Foster Swift Business & Corporate Law Report
January 21, 2014
Many corporate clients ask why they should spend the time and money to maintain a corporate minute book.
Keeping a corporate record book is required by Michigan law.
Section 485 of the Michigan Business Corporation Act states that "a corporation shall keep books and records of accounts and minutes of proceedings of its shareholders, board, and executive committee, if any."
Here are some reasons why all corporations, big and small, solely-owned, family-owned or otherwise, should maintain a corporate minute book and update it annually:
- To Protect Shareholders From Personal Liability. By maintaining the corporate minute book and complying with all corporate formalities, the shareholders can take advantage of the limited liability protection a corporation provides, which is usually the main reason why a business is incorporated in the first place. But if the shareholders and directors fail to maintain a corporate record book, a court could hold shareholders personally liable for the obligations of the corporation.
- Take Required Action. Under the Michigan Business Corporation Act, certain actions cannot be taken without shareholder approval. These actions include the election of directors and amendments to a corporation's articles of incorporation. In addition, certain actions, such as the appointment of officers, cannot take place without director approval. Further, the corporation's bylaws typically require director approval for certain matters such as calling special shareholder meetings, filling vacancies on the board of directors and amending the corporation's bylaws.

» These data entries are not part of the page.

lemma rbr_Cons: "ys \<noteq> [] \<Longrightarrow> rbr br (x # ys) = br x (rbr br ys)"
  by (cases ys) auto

locale f2_lie_algebra =
  fixes br :: "'a::ab_group_add \<Rightarrow> 'a \<Rightarrow> 'a"
  assumes lie_algebra: "lie_algebra_F2 br"
begin

lemma add_self: "x + x = (0::'a)"
  using lie_algebra by (simp add: lie_algebra_F2_def char2_def)

lemma add_eq_0_iff_eq: "x + y = (0::'a) \<longleftrightarrow> x = y"
  by (metis add_self add_left_imp_eq)

lemma bracket_add_left: "br (x + y) z = br x z + br y z"
  and bracket_add_right: "br x (y + z) = br x y + br x z"
  and bracket_self: "br x x = 0"
  and jacobi: "br x (br y z) + br y (br z x) + br z (br x y) = 0"
  using lie_algebra by (simp_all add: lie_algebra_F2_def)

lemma bracket_zero_left [simp]: "br 0 y = 0"
  using bracket_add_left[of 0 0 y] by simp

lemma bracket_zero_right [simp]: "br y 0 = 0"
  using bracket_add_right[of y 0 0] by simp

lemma bracket_commute: "br x y = br y x"
proof -
  have "0 = br (x + y) (x + y)" by (simp add: bracket_self)
  also have "\<dots> = br x y + br y x"
    unfolding bracket_add_left bracket_add_right by (simp add: bracket_self)
  finally show ?thesis by (metis add_eq_0_iff_eq)
qed

lemma bracket_bracket_left: "br (br x y) z = br x (br y z) + br y (br z x)"
  using jacobi[of x y z] bracket_commute[of z "br x y"]
  by (metis add_eq_0_iff_eq)

lemma bracket_sum_left: "br (sum f T) y = (\<Sum>t\<in>T. br (f t) y)"
  using sum_comp_morphism[of "\<lambda>x. br x y" f T] by (simp add: bracket_add_left o_def)

lemma bracket_sum_right: "br y (sum f T) = (\<Sum>t\<in>T. br y (f t))"
  using sum_comp_morphism[of "br y" f T] by (simp add: bracket_add_right o_def)

definition derived_span :: "'a set" where
  "derived_span = f2span {br x y | x y. True}"

lemma is_f2_subspace_derived_span: "is_f2_subspace derived_span"
  by (simp add: derived_span_def is_f2_subspace_f2span)

end

locale graded_f2_lie_algebra =
  fixes br :: "'a::ab_group_add \<Rightarrow> 'a \<Rightarrow> 'a" and Lg :: "nat \<Rightarrow> 'a set"
  assumes graded: "graded_lie_algebra_F2 br Lg"
begin

sublocale f2_lie_algebra br
  using graded by unfold_locales (simp add: graded_lie_algebra_F2_def)

lemma is_f2_subspace_degree: "1 \<le> m \<Longrightarrow> is_f2_subspace (Lg m)"
  using graded by (simp add: graded_lie_algebra_F2_def)

lemma bracket_in_degree:
  "1 \<le> h \<Longrightarrow> 1 \<le> k \<Longrightarrow> x \<in> Lg h \<Longrightarrow> y \<in> Lg k \<Longrightarrow> br x y \<in> Lg (h + k)"
  using graded by (simp add: graded_lie_algebra_F2_def)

- Historical Record. Minutes serve to provide a historical record of the important transactions which have taken place during the life of a corporation, including major purchases, sales, loans, and leases to name a few. Further, matters such as salaries and bonuses for shareholder employees, contributions to company retirement plans, as well as corporate dealings with its own shareholders and directors (including loans to or from shareholders and directors) should be documented and approved as part of the corporate record. Doing so is not simply a matter of good practice, it can also serve to head off challenges brought by minority shareholders and provide support, in the event of an IRS audit, for those actions that were taken.
- IRS Audit. In the event of an IRS audit of a corporation, one of the first things an IRS agent will ask to review is the corporate minute book. If the minute book is not updated or hasn't been maintained at all, this puts the corporation (and its attorney) in the difficult position of having to bring the corporate minute book up to date prior to the audit. Depending upon how far out of date the minute book is, getting the book updated in time for the audit can be a costly and challenging endeavor.
- Officer and Director Liability. Maintaining an updated corporate minute book can help an officer or director support the fact that they have conducted themselves properly and carried out their duties and responsibilities to the corporation.
- Third Party Review. Banks and lenders frequently ask to review a corporation's minute book or at least the articles of incorporation, bylaws and the most recent meeting minutes or consent resolutions of the corporation.
- Hard to Reconstruct. The failure to keep an updated minute book can be problematic when attempting to reconstruct at a later date what actually happened in any given year. Annually updating the minute book serves to avoid disputes among shareholders, directors and officers as to what happened, when it happened and why it happened, which is often the case when trying to document something that took place several years ago.